SCOTUS will revisit case that could kill affirmative action

SCOTUS will revisit case that could kill affirmative action

On Monday, the U.S. Supreme Court agreed to revisit the case of a Texas woman who claims affirmative action prevented her from attending the University of Texas. The move means race-based affirmative action is once again in danger of being abolished at public institutions.

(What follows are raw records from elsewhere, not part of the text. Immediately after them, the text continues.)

(* Let $N\ge1$. Consider elastic $N$-soliton solutions of KPII, each described by the set $\{[e_n,g_n]\}_{n=1}^N$ of distinct index pairs with $e_n<g_n$, where $e_1,\dots,e_N$ are the pivot columns and $g_1,\dots,g_N$ the non-pivot columns of its $N\times 2N$ coefficient matrix $A$ (so $\{e_n\}\sqcup\{g_n\}=\{1,\dots,2N\}$). Then: (i) With the pivots ordered as $e_1<e_2<\dots<e_N$, one has $e_1=1$, $e_N<2N$, and $n\le e_n\le 2n-1$ for each $n=1,\dots,N$; the number of possible choices of the pivot set is the Catalan number $C_N=\frac{(2N)!}{N!\,(N+1)!}$. (ii) For a fixed ordered pivot set $\{e_1<\dots<e_N\}$, the number of possible (unordered) choices of non-pivot indices $\{g_1,\dots,g_N\}$ paired with the pivots such that $e_n<g_n$ for all $n$ is $\prod_{n=1}^N(2n-e_n)$. (iii) The total number of ways of choosing the $N$ distinct pairs $\{[e_n,g_n]\}_{n=1}^N$ (partitioning $\{1,\dots,2N\}$) is $(2N-1)!!$.
   Context: Setting: $k_1<\dots<k_{2N}$ real, $\theta_m=k_mx+k_m^2y+k_m^3t+\theta_{0m}$, $A$ a real $N\times 2N$ matrix in reduced row-echelon form of rank $N$, all nonzero $N\times N$ minors positive, every column having a nonzero entry and every row having a nonzero entry besides its pivot, and satisfying the duality condition $A(m_1,\dots,m_N)=0\iff A(l_1,\dots,l_N)=0$ for every disjoint partition $\{m_i\}\sqcup\{l_i\}=\{1,\dots,2N\}$ (here $A(m_1,\dots,m_N)$ is the minor on those columns). The $\tau$-function is $\tau=\sum_{m_1<\dots<m_N}A(m_1,\dots,m_N)e^{\theta_{m_1}+\dots+\theta_{m_N}}\prod_{s<r}(k_{m_r}-k_{m_s})$, and $u=2(\log\tau)_{xx}$ solves KPII $(-4u_t+u_{xxx}+6uu_x)_x+3u_{yy}=0$; such $u$ are the elastic $N$-soliton solutions. Each such solution has $N$ asymptotic line solitons as $y\to\pm\infty$ labeled by the pairs $[e_n,g_n]$, i.e. localized near the lines $\theta_{e_n}=\theta_{g_n}$ with amplitude $k_{g_n}-k_{e_n}$ and direction $k_{g_n}+k_{e_n}$. *)

theory Defs
  imports "HOL-Analysis.Analysis"
begin

text \<open>Coefficient matrices are real N x 2N matrices given as functions
  nat => nat => real, rows indexed by 1..N, columns by 1..2N (1-based as in the paper).\<close>

definition minor :: "nat \<Rightarrow> (nat \<Rightarrow> nat \<Rightarrow> real) \<Rightarrow> nat set \<Rightarrow> real" where
  "minor N A S = (\<Sum>p | p permutes {1..N}.
      of_int (sign p) * (\<Prod>i\<in>{1..N}. A i (sorted_list_of_set S ! (p i - 1))))"

definition pivot_col :: "nat \<Rightarrow> (nat \<Rightarrow> nat \<Rightarrow> real) \<Rightarrow> nat \<Rightarrow> nat" where
  "pivot_col N A i = (LEAST j. 1 \<le> j \<and> j \<le> 2*N \<and> A i j \<noteq> 0)"

definition rref_rank :: "nat \<Rightarrow> (nat \<Rightarrow> nat \<Rightarrow> real) \<Rightarrow> bool" where
  "rref_rank N A \<longleftrightarrow>
     (\<forall>i\<in>{1..N}. \<exists>j\<in>{1..2*N}. A i j \<noteq> 0) \<and>
     (\<forall>i\<in>{1..N}. \<forall>i'\<in>{1..N}. i < i' \<longrightarrow> pivot_col N A i < pivot_col N A i') \<and>
     (\<forall>i\<in>{1..N}. A i (pivot_col N A i) = 1) \<and>
     (\<forall>i\<in>{1..N}. \<forall>k\<in>{1..N}. k \<noteq> i \<longrightarrow> A k (pivot_col N A i) = 0)"

definition pivot_set :: "nat \<Rightarrow> (nat \<Rightarrow> nat \<Rightarrow> real) \<Rightarrow> nat set" where
  "pivot_set N A = pivot_col N A ` {1..N}"

definition elastic_soliton_matrix :: "nat \<Rightarrow> (nat \<Rightarrow> nat \<Rightarrow> real) \<Rightarrow> bool" where
  "elastic_soliton_matrix N A \<longleftrightarrow>
     rref_rank N A \<and>
     (\<forall>S. S \<subseteq> {1..2*N} \<and> card S = N \<longrightarrow> minor N A S \<noteq> 0 \<longrightarrow> minor N A S > 0) \<and>
     (\<forall>j\<in>{1..2*N}. \<exists>i\<in>{1..N}. A i j \<noteq> 0) \<and>
     (\<forall>i\<in>{1..N}. \<exists>j\<in>{1..2*N}. j \<noteq> pivot_col N A i \<and> A i j \<noteq> 0) \<and>
     (\<forall>S. S \<subseteq> {1..2*N} \<and> card S = N \<longrightarrow>
          (minor N A S = 0 \<longleftrightarrow> minor N A ({1..2*N} - S) = 0))"

definition nth_elem :: "nat set \<Rightarrow> nat \<Rightarrow> nat" where
  "nth_elem E n = sorted_list_of_set E ! (n - 1)"

definition possible_pivot_sets :: "nat \<Rightarrow> nat set set" where
  "possible_pivot_sets N = {E. E \<subseteq> {1..2*N} \<and> card E = N \<and>
      (\<forall>n\<in>{1..N}. n \<le> nth_elem E n \<and> nth_elem E n \<le> 2*n - 1)}"

definition pairings_for :: "nat \<Rightarrow> nat set \<Rightarrow> (nat \<times> nat) set set" where
  "pairings_for N E = {P. P \<subseteq> E \<times> ({1..2*N} - E) \<and>
      (\<forall>e\<in>E. \<exists>!g. (e, g) \<in> P) \<and>
      (\<forall>g\<in>{1..2*N} - E. \<exists>!e. (e, g) \<in> P) \<and>
      (\<forall>(e, g)\<in>P. e < g)}"

definition all_pairings :: "nat \<Rightarrow> (nat \<times> nat) set set" where
  "all_pairings N = {P. (\<forall>(e, g)\<in>P. e < g \<and> e \<in> {1..2*N} \<and> g \<in> {1..2*N}) \<and>
      (\<forall>x\<in>{1..2*N}. \<exists>!p. p \<in> P \<and> (x = fst p \<or> x = snd p))}"

definition odd_double_fact :: "nat \<Rightarrow> nat" where
  "odd_double_fact N = (\<Prod>k\<in>{1..N}. 2*k - 1)"

end

theory Submission
  imports Defs
begin

text \<open>
  (i) In reduced row-echelon form, rows \<open>n, \<dots>, N\<close> vanish to the left of the \<open>n\<close>-th pivot
  \<open>e\<^sub>n\<close>, so every choice of \<open>N\<close> columns with at least \<open>n\<close> of them left of \<open>e\<^sub>n\<close> has a
  vanishing minor. The minor on the pivot columns is \<open>1\<close>, so by duality the minor on the
  non-pivot columns is nonzero; as \<open>e\<^sub>n - n\<close> non-pivot columns lie left of \<open>e\<^sub>n\<close>, this forces
  \<open>e\<^sub>n \<le> 2n - 1\<close>. The sets with \<open>n \<le> e\<^sub>n \<le> 2n - 1\<close> are the ballot sets (every prefix
  \<open>{1..m}\<close> contains at least \<open>m/2\<close> of their elements). The number \<open>B(L,k)\<close> of ballot
  \<open>k\<close>-subsets of \<open>{1..L}\<close> satisfies Pascal's recursion, as does \<open>C(L,k) - C(L,k+1)\<close>,
  and the two agree at the boundary; for \<open>L = 2N, k = N\<close> this difference is the Catalan
  number.

  (ii) Matching the pivots to larger non-pivots from the largest pivot downwards, \<open>e\<^sub>n\<close> has
  \<open>2N - e\<^sub>n - (N - n)\<close> larger non-pivots, of which the \<open>N - n\<close> larger pivots already use
  \<open>N - n\<close>; this leaves \<open>2n - e\<^sub>n\<close> choices.

  (iii) In a pairing of \<open>2k\<close> points, the largest point is paired with one of the other
  \<open>2k - 1\<close>, and the rest is a pairing of \<open>2k - 2\<close> points; hence \<open>(2k - 1)!!\<close>.
\<close>

section \<open>Order statistics of finite sets of naturals\<close>

lemma card_image_strict_mono_on_le:
  fixes f :: "'a::linorder \<Rightarrow> 'b::linorder"
  assumes "strict_mono_on A f" "a \<in> A"
  shows "card {y \<in> f ` A. y \<le> f a} = card {x \<in> A. x \<le> a}"
    and "card {y \<in> f ` A. y < f a} = card {x \<in> A. x < a}"
proof -
  have inj: "inj_on f B" if "B \<subseteq> A" for B
    using strict_mono_on_imp_inj_on[OF assms(1)] that by (rule inj_on_subset)
  have "{y \<in> f ` A. y \<le> f a} = f ` {x \<in> A. x \<le> a}"
    and "{y \<in> f ` A. y < f a} = f ` {x \<in> A. x < a}"
    using assms by (auto simp: strict_mono_on_less_eq strict_mono_on_less)
  then show "card {y \<in> f ` A. y \<le> f a} = card {x \<in> A. x \<le> a}"
    and "card {y \<in> f ` A. y < f a} = card {x \<in> A. x < a}"
    by (simp_all add: card_image inj)
qed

The case, Fisher v. Texas, concerns the troubles of Abigail Fisher, who applied to the University of Texas at Austin in 2008 and was rejected. Currently, UT-Austin automatically grants admission to the top 10% of every high school class, while doling out its remaining admissions based on a “holistic process” that evaluates grades, extracurriculars, and other factors (including race). Fisher claims that lower-quality applicants were admitted to the school on the basis of their race, illegally violating the Fourteenth Amendment’s guarantee of equal protection under the law.

The case was first heard by the Supreme Court in 2013, and many thought the justices would gut affirmative action then. Instead, the Court issued a narrower 7-1 ruling that ordered lower courts to apply a higher degree of scrutiny in determining whether Texas’ affirmative action program was constitutional.

The ruling sent the case back to the Fifth Circuit Court of Appeals, which once again ruled against Fisher despite the heightened level of scrutiny. Now, Fisher has appealed back to the Supreme Court, and will have her case heard again.

The current governing Supreme Court precedent, the 2003 Grutter v. Bollinger case, holds that public colleges may engage in affirmative action in order to achieve the state’s interest in a diverse student body. However, such policies must be limited in scope. Many expect the Court to roll back that decision, however. The decision’s author, Sandra Day O’Connor, has been replaced by the more conservative Justice Samuel Alito, while current Court swing justice Anthony Kennedy was a dissenter to that decision, arguing that direct racial affirmative action was likely unconstitutional.

The Court’s liberal wing will have an even harder time defending affirmative action, as Justice Elena Kagan will have to recuse herself from the case due to her prior involvement with it as President Obama’s solicitor general.

This report, by Blake Neff, was cross-posted by arrangement with the Daily Caller News Foundation.